My sister finds this wallet in a pile of others...one of a kind.....special.....and one of her favourite makers. It's unmarked and it turned out to be quite a labor to get the price; but as I said, my sister is a bulldog and can negotiate anything. Finders Keepers being the rule of thumb, I loved and admired the wallet, and teased her that it was far too small for her to use. I knew full well, however, and so did she, that she COULD use it... so the tease was a ruse. Our evening went on; fuzzy slippers, TV, homework help to my niece, good natured teasing... uncharacteristically I was up until 1:30 am.

It was simply the kind of evening you really really need when you have had a week of lousy days and nights.

The next morning; she smiled and handed me the wallet.
And I took it.
It will always be my embodied memory of this gentle weekend with my sister and niece.
It is just what I need to carry with me.

Saturday, January 26, 2008

Shattered


My partner of nearly 20 years and I are splitting up.

For the bulk of the week, we have been discussing things that would have been better said days...weeks..months....years ago.

We are not nasty...we do not fight...we work to not do more damage than this will already do to ourselves, our family, our friends.

We hold on to one another and cry..wishing we were anywhere but in this space. Hating the pain that we bring to one another...hating the work that goes into surviving from one hour to the next. When we can gather our breath; we speak of the tasks of untangling; who gets which chair...where does that lamp go....and at the same time, not really believing that we utter these words to one another....feeling like we have slipped into some alternate, surreal universe where everything is like an Escher drawing and nothing quite makes sense when you really look at it.

I google "how to survive a break up" sites.....although the truth of the matter is that this is not my first break up.

But what I have learned is, they ALL feel like the first time.

Tuesday, January 8, 2008

How Resolute Are Your Resolutions ?


I am actually quite proud of myself this year.

1. I managed to avoid ALL of the end of year retrospectives on who died in the last 12 months. All those little video clips of actors, waving goodbye to the camera from that great movie that they made; all of those composite shots of conductors or musicians against their embedded soundtracks, all of the tributes to those persons of influence that actually made a difference in the world. All of those things, not in my consciousness this year....except for the passing of Pavarotti. And even though I am not a huge opera fan; I know the world is quiet in a sadder way, for the loss of that unique voice.

2. I managed to avoid making ANY New Year resolutions. And this...is the focus of my rambling today....

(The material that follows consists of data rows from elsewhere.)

(* Let $n$ be a positive integer and $(\alpha,\beta)\in\{(0,0),(1,0),(1,1),(2,1),(3,1),(3,2),(4,2)\}$. Let \[ w_{n,\alpha,\beta}=b^{n+1}(ab)^n b^{2n+1+\alpha}a^{2n+1+\beta}. \] Then $S_d(w_{n,\alpha,\beta})\ge 3n+1+\left\lfloor\frac{\alpha+\beta}{3}\right\rfloor$.
   Context: A word is a finite word over the two-letter alphabet $\{a,b\}$, written multiplicatively (so $x^m$ is the concatenation of $m$ copies of $x$). A word $w=a_1\cdots a_n$ is a palindrome if $a_i=a_{n-i+1}$ for all $i\le n$, and an antipalindrome if $a_i\neq a_{n-i+1}$ for all $i\le n$. For a word $w$, $S_d(w)$ is the minimal number of letters of $w$ whose deletion from $w$ yields a palindrome or an antipalindrome. $\lfloor x\rfloor$ denotes the integer part of $x$. *)

theory Defs
  imports Main "HOL-Library.Sublist"
begin

datatype letter = a | b

definition palindrome :: "letter list \<Rightarrow> bool" where
  "palindrome w \<longleftrightarrow> (\<forall>i<length w. w ! i = w ! (length w - 1 - i))"

definition antipalindrome :: "letter list \<Rightarrow> bool" where
  "antipalindrome w \<longleftrightarrow> (\<forall>i<length w. w ! i \<noteq> w ! (length w - 1 - i))"

definition wpow :: "letter list \<Rightarrow> nat \<Rightarrow> letter list" where
  "wpow x m = concat (replicate m x)"

definition S_d :: "letter list \<Rightarrow> nat" where
  "S_d w = (LEAST k. \<exists>v. subseq v w \<and> length w - length v = k \<and>
                         (palindrome v \<or> antipalindrome v))"

end

theory Submission
  imports Defs
begin

text \<open>Write the word as \<open>b\<^sup>n\<^sup>+\<^sup>1 (ab)\<^sup>n b\<^sup>A a\<^sup>B\<close> with \<open>A = 2n+1+\<alpha>\<close>, \<open>B = 2n+1+\<beta>\<close>.
  A palindrome (antipalindrome) \<open>v\<close> satisfies \<open>map f (rev v) = v\<close> with \<open>f\<close> the identity (the
  letter swap), so each prefix of \<open>v\<close> is the reflection of the suffix of the same length; comparing
  letter counts of a prefix and a suffix therefore bounds the outer runs of \<open>v\<close> against each other.
  Combined with the fact that a subsequence of \<open>(ab)\<^sup>n\<close>, cut in two, has at most \<open>n\<close> letters
  among the \<open>b\<close>'s of its first part and the \<open>a\<close>'s of its second, this bounds palindromic
  subsequences by \<open>2n+1+A\<close> and antipalindromic ones by \<open>2B\<close>. For the seven admissible pairs
  \<open>(\<alpha>,\<beta>)\<close> both bounds are at most \<open>A + B - \<lfloor>(\<alpha>+\<beta>)/3\<rfloor>\<close>.\<close>

lemma count_list_replicate: "count_list (replicate k x) y = (if x = y then k else 0)"
  by (induction k) auto

lemma count_list_le_of_subseq: "subseq xs ys \<Longrightarrow> count_list xs x \<le> count_list ys x"
  by (induction rule: list_emb.induct) auto

lemma length_eq_count_a_add_count_b: "length w = count_list w a + count_list w b"
proof (induction w)
  case (Cons x w)
  then show ?case by (cases x) auto
qed simp

lemma subseq_replicate:
  assumes "subseq xs (replicate k x)"
  shows "xs = replicate (length xs) x" and "length xs \<le> k"
proof -
  have "set xs \<subseteq> {x}" using assms by (auto elim: list_emb_set)
  then show "xs = replicate (length xs) x" by (auto intro: replicate_eqI)
  show "length xs \<le> k" using list_emb_length[OF assms] by simp
qed

lemma split_leading_run:
  obtains c Z where "xs = replicate c x @ Z" and "Z = [] \<or> hd Z \<noteq> x"
proof -
  have "takeWhile ((=) x) xs = replicate (length (takeWhile ((=) x) xs)) x"
    by (rule replicate_length_same[symmetric]) (auto dest: set_takeWhileD)
  then have "xs = replicate (length (takeWhile ((=) x) xs)) x @ dropWhile ((=) x) xs"
    by (metis takeWhile_dropWhile_id)
  moreover have "dropWhile ((=) x) xs = [] \<or> hd (dropWhile ((=) x) xs) \<noteq> x"
    by (metis hd_dropWhile)
  ultimately show ?thesis by (rule that)
qed

lemma subseq_runs_around_wordE:
  assumes "subseq v (replicate P x @ W @ replicate R y @ replicate S z)"
  obtains p X r s where "v = replicate p x @ X @ replicate r y @ replicate s z"
    and "p \<le> P" and "subseq X W" and "r \<le> R" and "s \<le> S"
proof -
  obtain v1 v2 v3 v4 where v: "v = v1 @ v2 @ v3 @ v4" and "subseq v1 (replicate P x)"
    and "subseq v2 W" and "subseq v3 (replicate R y)" and "subseq v4 (replicate S z)"
    using assms by (auto elim!: subseq_appendE)
  with subseq_replicate that show ?thesis by metis
qed

lemma wpow_ab_Suc: "wpow [a,b] (Suc n) = a # b # wpow [a,b] n"
  by (simp add: wpow_def)

lemma count_list_wpow_ab: "count_list (wpow [a,b] n) x = n"
proof (induction n)
  case (Suc n)
  then show ?case by (cases x) (simp_all add: wpow_ab_Suc)
qed (simp add: wpow_def)

lemma append_eq_wpow_ab_counts:
  assumes "W1 @ W2 = wpow [a,b] n"
  shows "count_list W1 b + count_list W2 a \<le> n \<and> count_list W1 a + count_list W2 b \<le> n + 1"
  using assms
proof (induction n arbitrary: W1 W2)
  case 0
  then show ?case by (simp add: wpow_def)
next
  case (Suc n)
  consider "W1 = []" | "W1 = [a]" | W1' where "W1 = a # b # W1'" "W1' @ W2 = wpow [a,b] n"
    using Suc.prems by (auto simp: wpow_ab_Suc append_eq_Cons_conv)
  then show ?case
  proof cases
    case 1
    then show ?thesis using Suc.prems count_list_wpow_ab[of "Suc n"] by simp
  next
    case 2
    then show ?thesis using Suc.prems count_list_wpow_ab[of n] by (auto simp: wpow_ab_Suc)
  next
    case 3
    then show ?thesis using Suc.IH[of W1' W2] by simp
  qed
qed

lemma subseq_wpow_ab_counts:
  assumes "subseq (X1 @ X2) (wpow [a,b] n)"
  shows "count_list X1 b + count_list X2 a \<le> n" and "count_list X1 a + count_list X2 b \<le> n + 1"
proof -
  obtain W1 W2 where "wpow [a,b] n = W1 @ W2" and "subseq X1 W1" and "subseq X2 W2"
    using assms list_emb_appendD by blast
  then have X: "count_list X1 x \<le> count_list W1 x" "count_list X2 x \<le> count_list W2 x" for x
    by (simp_all add: count_list_le_of_subseq)
  have "count_list W1 b + count_list W2 a \<le> n" "count_list W1 a + count_list W2 b \<le> n + 1"
    using append_eq_wpow_ab_counts \<open>wpow [a,b] n = W1 @ W2\<close> by simp_all
  then show "count_list X1 b + count_list X2 a \<le> n"
    and "count_list X1 a + count_list X2 b \<le> n + 1"
    using X[of a] X[of b] by linarith+
qed

lemma subseq_wpow_ab_count_le:
  "subseq X (wpow [a,b] n) \<Longrightarrow> count_list X x \<le> n"
  using count_list_le_of_subseq[of X "wpow [a,b] n" x] by (simp add: count_list_wpow_ab)

fun flip :: "letter \<Rightarrow> letter" where
  "flip a = b"
| "flip b = a"

lemma palindrome_rev_eq: "palindrome v \<Longrightarrow> rev v = v"
proof (rule nth_equalityI)
  fix i
  assume "palindrome v" and i: "i < length (rev v)"
  then have "v ! i = v ! (length v - 1 - i)"
    unfolding palindrome_def length_rev by blast
  with i show "rev v ! i = v ! i"
    by (simp add: rev_nth)
qed simp

lemma antipalindrome_map_flip_rev_eq: "antipalindrome v \<Longrightarrow> map flip (rev v) = v"
proof (rule nth_equalityI)
  fix i
  assume "antipalindrome v" and i: "i < length (map flip (rev v))"
  then have "v ! i \<noteq> v ! (length v - 1 - i)"
    unfolding antipalindrome_def by auto
  moreover have "map flip (rev v) ! i = flip (v ! (length v - 1 - i))"
    using i by (simp add: rev_nth)
  ultimately show "map flip (rev v) ! i = v ! i"
    by (cases "v ! i"; cases "v ! (length v - 1 - i)") auto
qed simp

lemma suffix_shorter_than_prefix:
  assumes "map f (rev v) = v" and "v = U @ V" and "v = W @ T"
    and "count_list (map f (rev T)) x < count_list U x"
  shows "length T < length U"
proof (rule ccontr)
  assume "\<not> length T < length U"
  have "U @ V = map f (rev T) @ map f (rev W)"
    using assms(1-3) by (metis map_append rev_append)
  with \<open>\<not> length T < length U\<close> have "U = take (length U) (map f (rev T))"
    by (simp add: append_eq_append_conv_if)
  then have "prefix U (map f (rev T))"
    by (metis take_is_prefix)
  then have "count_list U x \<le> count_list (map f (rev T)) x"
    by (intro count_list_le_of_subseq prefix_imp_subseq)
  with assms(4) show False by simp
qed

lemma rev_eq_trailing_run_le:
  assumes "rev v = v" and "v = replicate k x @ y # V" and "y \<noteq> x" and "v = W @ replicate r x"
  shows "r \<le> k"
proof -
  have "length (replicate r x) < length (replicate k x @ [y])"
  proof (rule suffix_shorter_than_prefix[where f = id and x = y])
    show "map id (rev v) = v" using assms(1) by simp
    show "v = (replicate k x @ [y]) @ V" using assms(2) by simp
    show "v = W @ replicate r x" by (rule assms(4))
    show "count_list (map id (rev (replicate r x))) y < count_list (replicate k x @ [y]) y"
      using assms(3) by (simp add: count_list_replicate)
  qed
  then show ?thesis by simp
qed

lemma count_list_map_flip: "count_list (map flip w) (flip x) = count_list w x"
proof (induction w)
  case (Cons y w)
  then show ?case by (cases x; cases y) auto
qed simp

lemma palindrome_length_le_without_final_a:
  assumes pal: "rev v = v" and v: "v = replicate p b @ X @ replicate r b"
    and X: "subseq X (wpow [a,b] n)" and "p \<le> n + 1" and "r \<le> A" and "2*n + 1 \<le> A"
  shows "length v \<le> 2*n + 1 + A"
proof -
  obtain c Z where XZ: "X = replicate c b @ Z" and Z: "Z = [] \<or> hd Z \<noteq> b"
    using split_leading_run .
  have len: "length v = p + count_list X a + count_list X b + r"
    using v length_eq_count_a_add_count_b[of X] by simp
  have "count_list X b \<le> n"
    using X by (rule subseq_wpow_ab_count_le)
  show ?thesis
  proof (cases Z)
    case Nil
    with XZ have "count_list X a = 0"
      by (simp add: count_list_replicate)
    with len \<open>count_list X b \<le> n\<close> assms show ?thesis by linarith
  next
    case (Cons z Z')
    with Z have "z = a" by (cases z) auto
    have "r \<le> p + c"
    proof (rule rev_eq_trailing_run_le[OF pal])
      show "v = replicate (p + c) b @ a # Z' @ replicate r b"
        using v XZ Cons \<open>z = a\<close> by (simp add: replicate_add)
      show "v = (replicate p b @ X) @ replicate r b" using v by simp
    qed simp
    moreover have "c + count_list Z a \<le> n"
      using subseq_wpow_ab_counts(1)[of "replicate c b" Z n] X XZ by (simp add: count_list_replicate)
    moreover have "count_list X a = count_list Z a"
      using XZ by (simp add: count_list_replicate)
    ultimately show ?thesis
      using len \<open>count_list X b \<le> n\<close> assms by linarith
  qed
qed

For my YMCA of choice is filled right now, with the resolute. The smallish parking lot is clogged with the chariots of the well intentioned. The locker spaces are filled, the showers are running non stop. Everyone is on and off the scale--sighs, groans, growls and small whoops of joy sometimes can be heard. Most, I think, view the numbers in quiet desperation.

There is a relative kindness at this time of year, that all of us in the weight room seem to extend to each other. We recognize that we are all trying to make good on that midnight vow we made, after having a last treat at 11:45. We're trying to look practiced as we remember how to adjust machines...wait patiently when the one we want is in use...and we covertly scowl at those that don't look like they have a reason to be there in the first place.

We are not yet through January, and the game of Chicken has begun. Which of us will drop out of the effort to change what we think we must, first ? While it may mean one more parking space, or less time waiting for that infernal elliptical machine, I'll be a bit sad to see the faces that right now reflect our collective determination, change to frustration and finally disappear all together.

Come and hang out with me in January.... I'll bring an extra bottle of water.